lemma kummer_coeff_pos: "0 < a \<Longrightarrow> 0 < b \<Longrightarrow> kummer_coeff a b k > 0"
  unfolding kummer_coeff_def by (simp add: pochhammer_pos)

lemma diffs_kummer_coeff_eq:
  "diffs (kummer_coeff a b) k = pochhammer a (Suc k) / pochhammer b (Suc k) / fact k"
  by (simp add: diffs_def kummer_coeff_def fact_Suc)

lemma diffs_kummer_coeff:
  assumes "b > 0"
  shows "diffs (kummer_coeff a b) = (\<lambda>k. a / b * kummer_coeff (a + 1) (b + 1) k)"
  by (simp add: fun_eq_iff diffs_kummer_coeff_eq kummer_coeff_def pochhammer_rec)

lemma kummer_coeff_recurrence:
  assumes "b > 0"
  shows "(b + k) * diffs (kummer_coeff a b) k = (a + k) * kummer_coeff a b k"
proof -
  have "b + k \<noteq> 0" using assms by (metis add_pos_nonneg of_nat_0_le_iff less_irrefl)
  then show ?thesis by (simp add: diffs_kummer_coeff_eq kummer_coeff_def pochhammer_Suc)
qed

lemma funpow_diffs_kummer_coeff:
  assumes "b > 0"
  shows "(diffs ^^ j) (kummer_coeff a b)
    = (\<lambda>k. pochhammer a j / pochhammer b j * kummer_coeff (a + j) (b + j) k)"
proof (induction j)
  case (Suc j)
  have "b + j > 0" using assms by simp
  have "pochhammer b j > 0" using assms by (simp add: pochhammer_pos)
  have "(diffs ^^ Suc j) (kummer_coeff a b) = diffs (\<lambda>k. pochhammer a j / pochhammer b j * kummer_coeff (a + j) (b + j) k)"
    using Suc.IH by simp
  also have "\<dots> = (\<lambda>k. pochhammer a j / pochhammer b j * diffs (kummer_coeff (a + j) (b + j)) k)"
    by (simp add: diffs_def fun_eq_iff)
  also have "\<dots> = (\<lambda>k. pochhammer a (Suc j) / pochhammer b (Suc j) * kummer_coeff (a + Suc j) (b + Suc j) k)"
    using \<open>b + j > 0\<close> \<open>pochhammer b j > 0\<close>
    by (simp add: diffs_kummer_coeff pochhammer_Suc field_simps add_ac)
  finally show ?case .
qed simp

lemma kummer_coeff_le:
  assumes "0 < b" "b \<le> a"
  shows "kummer_coeff a b k \<le> (a / b) ^ k / fact k"
proof (induction k)
  case (Suc k)
  have "b + k > 0" using assms by simp
  have "diffs (kummer_coeff a b) k = kummer_coeff a b k * ((a + k) / (b + k))"
    using kummer_coeff_recurrence[OF assms(1), of k a] \<open>b + k > 0\<close> by (simp add: eq_divide_eq mult.commute)
  then have "kummer_coeff a b (Suc k) = kummer_coeff a b k * ((a + k) / (b + k)) / (k + 1)"
    using \<open>b + k > 0\<close> by (simp add: diffs_def eq_divide_eq mult_ac)
  also have "\<dots> \<le> (a / b) ^ k / fact k * (a / b) / (k + 1)"
  proof (intro divide_right_mono mult_mono Suc.IH)
    show "(a + k) / (b + k) \<le> a / b"
      using assms by (simp add: frac_le field_simps mult_right_mono)
  qed (use assms in \<open>auto simp: kummer_coeff_def pochhammer_pos\<close>)
  also have "\<dots> = (a / b) ^ Suc k / fact (Suc k)"
    by (simp add: field_simps)
  finally show ?case .
qed (simp add: kummer_coeff_def)

lemma summable_kummer_series:
  assumes "0 < b" "b \<le> a"
  shows "summable (\<lambda>k. kummer_coeff a b k * s ^ k)"
proof (rule summable_comparison_test[OF _ summable_exp_generic[of "a / b * \<bar>s\<bar>"]])
  have "norm (kummer_coeff a b k * s ^ k) \<le> (a / b * \<bar>s\<bar>) ^ k /\<^sub>R fact k" for k
  proof -
    have "norm (kummer_coeff a b k * s ^ k) = kummer_coeff a b k * \<bar>s\<bar> ^ k"
      using kummer_coeff_pos[of a b k] assms by (simp add: abs_mult power_abs)
    also have "\<dots> \<le> (a / b) ^ k / fact k * \<bar>s\<bar> ^ k"
      by (intro mult_right_mono kummer_coeff_le assms) auto
    finally show ?thesis by (simp add: power_mult_distrib divide_inverse mult_ac)
  qed
  then show "\<exists>N. \<forall>k\<ge>N. norm (kummer_coeff a b k * s ^ k) \<le> (a / b * \<bar>s\<bar>) ^ k /\<^sub>R fact k"
    by blast
qed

WHAT THE EXERCISE ASKS: In the records above, some lines hold the word "case"; copy each such line.

YOUR RESPONSE:
  case (Suc j)
  finally show ?case .
  case (Suc k)
  finally show ?case .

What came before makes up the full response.